▶ WORK ITEM
Whenever a line below includes the word "variables", copy that line.

Entries taken from a collection

──────────────────────────────

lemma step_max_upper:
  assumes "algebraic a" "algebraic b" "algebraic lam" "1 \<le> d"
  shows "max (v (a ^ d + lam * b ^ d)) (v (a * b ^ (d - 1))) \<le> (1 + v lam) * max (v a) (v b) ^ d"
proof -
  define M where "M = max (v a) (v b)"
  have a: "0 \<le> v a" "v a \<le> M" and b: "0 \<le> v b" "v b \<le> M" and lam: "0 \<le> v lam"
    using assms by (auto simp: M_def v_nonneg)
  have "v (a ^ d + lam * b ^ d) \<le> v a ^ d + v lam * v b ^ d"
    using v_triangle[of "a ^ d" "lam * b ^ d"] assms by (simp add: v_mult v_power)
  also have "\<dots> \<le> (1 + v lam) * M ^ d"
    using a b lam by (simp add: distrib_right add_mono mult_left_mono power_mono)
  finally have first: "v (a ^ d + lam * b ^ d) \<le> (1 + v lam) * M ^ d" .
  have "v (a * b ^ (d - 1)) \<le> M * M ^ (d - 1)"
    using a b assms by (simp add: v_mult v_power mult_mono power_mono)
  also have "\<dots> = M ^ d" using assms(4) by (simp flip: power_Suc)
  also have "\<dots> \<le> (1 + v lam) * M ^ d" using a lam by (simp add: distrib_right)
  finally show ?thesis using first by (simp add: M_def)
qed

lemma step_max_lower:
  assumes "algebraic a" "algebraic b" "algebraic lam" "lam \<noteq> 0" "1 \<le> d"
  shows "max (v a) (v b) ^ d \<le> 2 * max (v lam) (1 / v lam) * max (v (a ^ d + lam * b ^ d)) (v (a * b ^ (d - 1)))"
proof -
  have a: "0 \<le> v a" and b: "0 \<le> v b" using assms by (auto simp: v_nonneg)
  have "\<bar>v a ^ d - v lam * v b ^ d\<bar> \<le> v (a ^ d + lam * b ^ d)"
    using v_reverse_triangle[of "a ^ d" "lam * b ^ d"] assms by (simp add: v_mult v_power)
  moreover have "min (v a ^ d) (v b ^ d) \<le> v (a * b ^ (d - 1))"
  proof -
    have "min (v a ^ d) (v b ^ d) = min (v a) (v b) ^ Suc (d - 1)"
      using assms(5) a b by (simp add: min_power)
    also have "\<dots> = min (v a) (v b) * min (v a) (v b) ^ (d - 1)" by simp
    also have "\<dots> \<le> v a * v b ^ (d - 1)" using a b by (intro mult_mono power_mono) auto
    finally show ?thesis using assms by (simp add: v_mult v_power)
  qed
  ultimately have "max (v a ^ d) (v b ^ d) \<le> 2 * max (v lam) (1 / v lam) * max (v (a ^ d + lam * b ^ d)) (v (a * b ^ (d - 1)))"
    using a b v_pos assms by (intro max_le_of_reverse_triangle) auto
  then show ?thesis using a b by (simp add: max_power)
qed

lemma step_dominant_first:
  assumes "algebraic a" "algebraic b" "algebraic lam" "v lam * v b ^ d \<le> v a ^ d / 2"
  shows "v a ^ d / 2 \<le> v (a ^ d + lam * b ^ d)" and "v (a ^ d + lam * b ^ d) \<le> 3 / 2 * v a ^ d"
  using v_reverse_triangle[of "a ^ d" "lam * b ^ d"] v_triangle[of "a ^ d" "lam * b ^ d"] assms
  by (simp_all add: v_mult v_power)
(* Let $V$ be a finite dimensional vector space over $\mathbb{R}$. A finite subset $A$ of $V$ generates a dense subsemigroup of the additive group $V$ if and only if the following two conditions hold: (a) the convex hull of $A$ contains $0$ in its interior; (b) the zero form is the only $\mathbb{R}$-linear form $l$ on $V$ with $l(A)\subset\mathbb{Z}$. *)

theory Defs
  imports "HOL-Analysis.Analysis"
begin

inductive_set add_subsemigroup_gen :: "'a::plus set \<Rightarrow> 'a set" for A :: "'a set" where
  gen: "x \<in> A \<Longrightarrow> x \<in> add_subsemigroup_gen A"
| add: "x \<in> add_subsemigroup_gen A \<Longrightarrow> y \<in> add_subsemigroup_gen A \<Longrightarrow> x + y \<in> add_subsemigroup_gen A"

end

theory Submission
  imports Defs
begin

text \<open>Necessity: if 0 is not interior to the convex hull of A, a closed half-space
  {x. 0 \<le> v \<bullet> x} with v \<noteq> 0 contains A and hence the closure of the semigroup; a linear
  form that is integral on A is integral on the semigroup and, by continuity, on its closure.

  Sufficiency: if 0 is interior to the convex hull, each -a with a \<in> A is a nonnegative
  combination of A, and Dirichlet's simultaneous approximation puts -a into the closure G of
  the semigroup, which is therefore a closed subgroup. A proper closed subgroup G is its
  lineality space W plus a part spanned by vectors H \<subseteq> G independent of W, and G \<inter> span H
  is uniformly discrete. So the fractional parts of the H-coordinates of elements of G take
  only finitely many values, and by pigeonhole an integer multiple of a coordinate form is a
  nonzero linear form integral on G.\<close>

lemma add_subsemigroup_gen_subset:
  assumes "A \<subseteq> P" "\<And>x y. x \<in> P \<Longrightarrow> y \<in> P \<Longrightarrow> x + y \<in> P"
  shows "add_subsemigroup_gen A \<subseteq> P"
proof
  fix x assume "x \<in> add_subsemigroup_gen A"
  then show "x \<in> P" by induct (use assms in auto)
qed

──────────────────────────────

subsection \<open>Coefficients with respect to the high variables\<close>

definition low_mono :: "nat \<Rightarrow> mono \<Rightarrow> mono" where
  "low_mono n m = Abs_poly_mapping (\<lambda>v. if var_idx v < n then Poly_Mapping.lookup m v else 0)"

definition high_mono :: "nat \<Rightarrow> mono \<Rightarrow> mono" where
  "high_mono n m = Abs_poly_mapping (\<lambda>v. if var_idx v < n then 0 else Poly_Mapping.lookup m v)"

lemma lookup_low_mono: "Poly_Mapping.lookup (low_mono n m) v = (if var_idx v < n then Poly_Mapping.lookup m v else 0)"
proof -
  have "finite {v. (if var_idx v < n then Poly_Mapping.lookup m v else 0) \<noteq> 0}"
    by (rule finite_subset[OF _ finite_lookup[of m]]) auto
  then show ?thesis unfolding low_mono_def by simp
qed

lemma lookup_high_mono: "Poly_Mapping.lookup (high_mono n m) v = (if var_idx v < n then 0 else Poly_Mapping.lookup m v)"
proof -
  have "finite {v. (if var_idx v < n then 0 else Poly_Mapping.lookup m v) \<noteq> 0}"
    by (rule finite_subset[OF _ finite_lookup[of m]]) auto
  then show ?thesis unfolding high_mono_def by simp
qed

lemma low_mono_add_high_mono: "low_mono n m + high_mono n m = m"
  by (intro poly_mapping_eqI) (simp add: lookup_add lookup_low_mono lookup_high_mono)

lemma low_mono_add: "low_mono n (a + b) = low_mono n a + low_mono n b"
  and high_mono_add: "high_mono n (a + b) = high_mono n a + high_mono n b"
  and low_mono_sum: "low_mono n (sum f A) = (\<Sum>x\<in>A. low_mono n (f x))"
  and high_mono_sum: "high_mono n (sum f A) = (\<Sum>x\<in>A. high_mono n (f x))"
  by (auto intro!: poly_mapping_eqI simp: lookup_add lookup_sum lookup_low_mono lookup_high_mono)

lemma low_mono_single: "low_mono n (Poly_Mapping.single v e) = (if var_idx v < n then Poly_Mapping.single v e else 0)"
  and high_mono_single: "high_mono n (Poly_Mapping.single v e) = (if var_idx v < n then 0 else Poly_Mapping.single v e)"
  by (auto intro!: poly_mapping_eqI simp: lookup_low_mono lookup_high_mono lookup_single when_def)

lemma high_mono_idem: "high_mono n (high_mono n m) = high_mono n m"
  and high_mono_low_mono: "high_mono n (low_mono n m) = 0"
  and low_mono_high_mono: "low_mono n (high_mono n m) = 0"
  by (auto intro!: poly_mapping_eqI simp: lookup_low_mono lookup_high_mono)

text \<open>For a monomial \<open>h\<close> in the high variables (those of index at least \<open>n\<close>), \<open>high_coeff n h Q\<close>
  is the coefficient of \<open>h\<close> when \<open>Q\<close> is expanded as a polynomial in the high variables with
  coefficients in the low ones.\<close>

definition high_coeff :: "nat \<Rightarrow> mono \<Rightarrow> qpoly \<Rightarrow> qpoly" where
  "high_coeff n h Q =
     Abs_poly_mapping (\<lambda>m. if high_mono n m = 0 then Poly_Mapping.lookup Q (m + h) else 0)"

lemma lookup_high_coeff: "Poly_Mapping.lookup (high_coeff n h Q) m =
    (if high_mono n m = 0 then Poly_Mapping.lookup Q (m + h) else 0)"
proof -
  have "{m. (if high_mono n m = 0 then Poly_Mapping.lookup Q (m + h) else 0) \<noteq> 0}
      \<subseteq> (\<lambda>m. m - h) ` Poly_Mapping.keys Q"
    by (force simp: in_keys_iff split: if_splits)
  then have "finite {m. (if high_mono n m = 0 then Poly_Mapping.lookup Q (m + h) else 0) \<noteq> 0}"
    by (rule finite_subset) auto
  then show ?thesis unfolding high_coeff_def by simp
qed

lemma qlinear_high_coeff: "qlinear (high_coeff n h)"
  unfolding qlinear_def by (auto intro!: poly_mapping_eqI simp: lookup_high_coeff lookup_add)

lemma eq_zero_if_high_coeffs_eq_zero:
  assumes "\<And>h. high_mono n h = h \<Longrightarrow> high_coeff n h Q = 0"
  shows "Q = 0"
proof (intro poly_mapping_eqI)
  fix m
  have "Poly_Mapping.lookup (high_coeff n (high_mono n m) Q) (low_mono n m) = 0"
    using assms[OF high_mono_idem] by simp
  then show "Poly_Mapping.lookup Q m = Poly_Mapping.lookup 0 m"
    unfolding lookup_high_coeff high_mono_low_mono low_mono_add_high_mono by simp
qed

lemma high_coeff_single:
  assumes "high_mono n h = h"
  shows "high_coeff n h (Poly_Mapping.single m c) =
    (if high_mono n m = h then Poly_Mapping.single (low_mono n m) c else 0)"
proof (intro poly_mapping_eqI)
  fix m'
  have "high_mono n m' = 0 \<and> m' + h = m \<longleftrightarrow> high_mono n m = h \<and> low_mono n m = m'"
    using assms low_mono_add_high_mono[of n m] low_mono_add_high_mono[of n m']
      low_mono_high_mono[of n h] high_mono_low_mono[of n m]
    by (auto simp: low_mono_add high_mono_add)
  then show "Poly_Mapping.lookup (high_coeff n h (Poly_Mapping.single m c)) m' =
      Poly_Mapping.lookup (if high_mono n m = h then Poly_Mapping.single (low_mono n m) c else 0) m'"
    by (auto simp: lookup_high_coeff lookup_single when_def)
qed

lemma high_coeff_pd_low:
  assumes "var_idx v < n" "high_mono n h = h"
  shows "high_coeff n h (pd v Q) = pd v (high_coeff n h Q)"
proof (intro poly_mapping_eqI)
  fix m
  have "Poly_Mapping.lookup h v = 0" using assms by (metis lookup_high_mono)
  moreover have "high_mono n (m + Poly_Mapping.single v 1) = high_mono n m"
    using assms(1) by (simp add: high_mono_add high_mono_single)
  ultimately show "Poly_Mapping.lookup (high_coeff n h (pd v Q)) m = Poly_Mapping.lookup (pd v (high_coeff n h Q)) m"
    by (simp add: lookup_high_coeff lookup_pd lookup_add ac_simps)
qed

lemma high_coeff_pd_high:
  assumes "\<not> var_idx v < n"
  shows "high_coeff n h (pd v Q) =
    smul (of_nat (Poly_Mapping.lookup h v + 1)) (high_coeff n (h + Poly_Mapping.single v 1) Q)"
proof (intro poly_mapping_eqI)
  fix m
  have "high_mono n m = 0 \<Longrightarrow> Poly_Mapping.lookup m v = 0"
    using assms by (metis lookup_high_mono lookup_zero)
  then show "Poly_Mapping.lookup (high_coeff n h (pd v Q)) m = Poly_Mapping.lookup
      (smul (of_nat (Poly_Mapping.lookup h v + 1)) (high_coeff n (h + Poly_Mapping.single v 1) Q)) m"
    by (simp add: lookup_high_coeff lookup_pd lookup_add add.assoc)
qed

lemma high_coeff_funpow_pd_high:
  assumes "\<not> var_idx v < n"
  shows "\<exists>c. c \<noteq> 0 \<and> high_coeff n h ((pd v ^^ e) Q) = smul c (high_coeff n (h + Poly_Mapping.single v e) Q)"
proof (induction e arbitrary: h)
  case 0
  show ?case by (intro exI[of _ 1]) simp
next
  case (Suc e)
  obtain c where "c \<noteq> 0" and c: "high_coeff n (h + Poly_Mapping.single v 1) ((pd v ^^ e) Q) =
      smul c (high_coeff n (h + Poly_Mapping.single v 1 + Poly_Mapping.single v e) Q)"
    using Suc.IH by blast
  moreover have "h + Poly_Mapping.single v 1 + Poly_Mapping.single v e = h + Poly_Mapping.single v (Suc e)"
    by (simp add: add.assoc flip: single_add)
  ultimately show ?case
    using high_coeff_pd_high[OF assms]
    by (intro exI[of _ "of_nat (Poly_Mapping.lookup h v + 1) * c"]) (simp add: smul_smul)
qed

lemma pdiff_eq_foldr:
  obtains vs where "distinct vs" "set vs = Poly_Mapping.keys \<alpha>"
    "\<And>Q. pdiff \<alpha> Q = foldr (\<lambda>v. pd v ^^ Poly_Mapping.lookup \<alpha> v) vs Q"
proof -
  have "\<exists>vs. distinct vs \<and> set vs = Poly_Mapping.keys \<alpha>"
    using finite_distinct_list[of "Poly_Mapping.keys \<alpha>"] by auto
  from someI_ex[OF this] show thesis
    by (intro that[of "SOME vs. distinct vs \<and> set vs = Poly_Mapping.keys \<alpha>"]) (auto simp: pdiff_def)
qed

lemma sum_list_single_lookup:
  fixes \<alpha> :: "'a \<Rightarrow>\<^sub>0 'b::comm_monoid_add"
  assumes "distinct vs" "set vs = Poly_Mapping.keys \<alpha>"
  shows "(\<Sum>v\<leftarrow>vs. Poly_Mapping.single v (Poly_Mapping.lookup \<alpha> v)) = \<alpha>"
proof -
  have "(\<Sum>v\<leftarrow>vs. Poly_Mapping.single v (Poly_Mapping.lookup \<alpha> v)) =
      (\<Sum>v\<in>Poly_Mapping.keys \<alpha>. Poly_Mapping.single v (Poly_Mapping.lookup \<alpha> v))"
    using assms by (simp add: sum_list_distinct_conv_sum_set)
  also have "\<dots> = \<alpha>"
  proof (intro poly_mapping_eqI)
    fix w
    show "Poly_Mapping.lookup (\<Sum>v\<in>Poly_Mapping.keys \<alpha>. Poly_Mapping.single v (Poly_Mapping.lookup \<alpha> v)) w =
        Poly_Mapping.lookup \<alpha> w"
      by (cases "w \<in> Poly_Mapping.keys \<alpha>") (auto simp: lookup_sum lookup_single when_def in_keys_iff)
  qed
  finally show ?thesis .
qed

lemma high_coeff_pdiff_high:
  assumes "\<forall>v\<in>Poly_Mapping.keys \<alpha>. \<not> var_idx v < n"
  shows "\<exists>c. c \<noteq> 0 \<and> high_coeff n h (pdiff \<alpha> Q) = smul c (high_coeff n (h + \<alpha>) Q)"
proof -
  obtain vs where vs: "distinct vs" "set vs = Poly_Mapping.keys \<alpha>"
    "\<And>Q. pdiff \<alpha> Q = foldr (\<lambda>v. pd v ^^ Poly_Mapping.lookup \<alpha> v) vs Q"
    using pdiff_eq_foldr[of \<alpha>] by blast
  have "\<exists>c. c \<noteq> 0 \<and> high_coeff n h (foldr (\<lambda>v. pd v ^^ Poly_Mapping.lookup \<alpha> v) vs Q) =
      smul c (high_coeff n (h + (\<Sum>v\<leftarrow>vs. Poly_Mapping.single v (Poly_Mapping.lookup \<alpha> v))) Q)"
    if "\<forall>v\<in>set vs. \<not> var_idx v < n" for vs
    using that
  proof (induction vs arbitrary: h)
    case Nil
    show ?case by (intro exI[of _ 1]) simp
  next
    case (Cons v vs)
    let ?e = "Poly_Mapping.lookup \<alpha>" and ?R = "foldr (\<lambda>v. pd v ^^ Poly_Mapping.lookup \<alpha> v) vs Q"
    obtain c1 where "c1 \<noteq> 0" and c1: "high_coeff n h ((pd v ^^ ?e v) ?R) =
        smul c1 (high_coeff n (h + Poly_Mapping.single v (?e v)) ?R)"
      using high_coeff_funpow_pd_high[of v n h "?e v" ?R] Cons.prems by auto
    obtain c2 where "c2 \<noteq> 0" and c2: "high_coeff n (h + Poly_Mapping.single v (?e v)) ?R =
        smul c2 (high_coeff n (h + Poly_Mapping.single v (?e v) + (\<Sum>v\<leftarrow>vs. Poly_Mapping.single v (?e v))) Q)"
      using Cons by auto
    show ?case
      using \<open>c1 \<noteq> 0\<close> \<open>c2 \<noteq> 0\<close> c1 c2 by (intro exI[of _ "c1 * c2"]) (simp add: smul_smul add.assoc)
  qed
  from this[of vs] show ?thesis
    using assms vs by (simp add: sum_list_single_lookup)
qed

──────────────────────────────

▶ SOLUTION FOR THIS PROBLEM
subsection \<open>Coefficients with respect to the high variables\<close>
text \<open>For a monomial \<open>h\<close> in the high variables (those of index at least \<open>n\<close>), \<open>high_coeff n h Q\<close>
  is the coefficient of \<open>h\<close> when \<open>Q\<close> is expanded as a polynomial in the high variables with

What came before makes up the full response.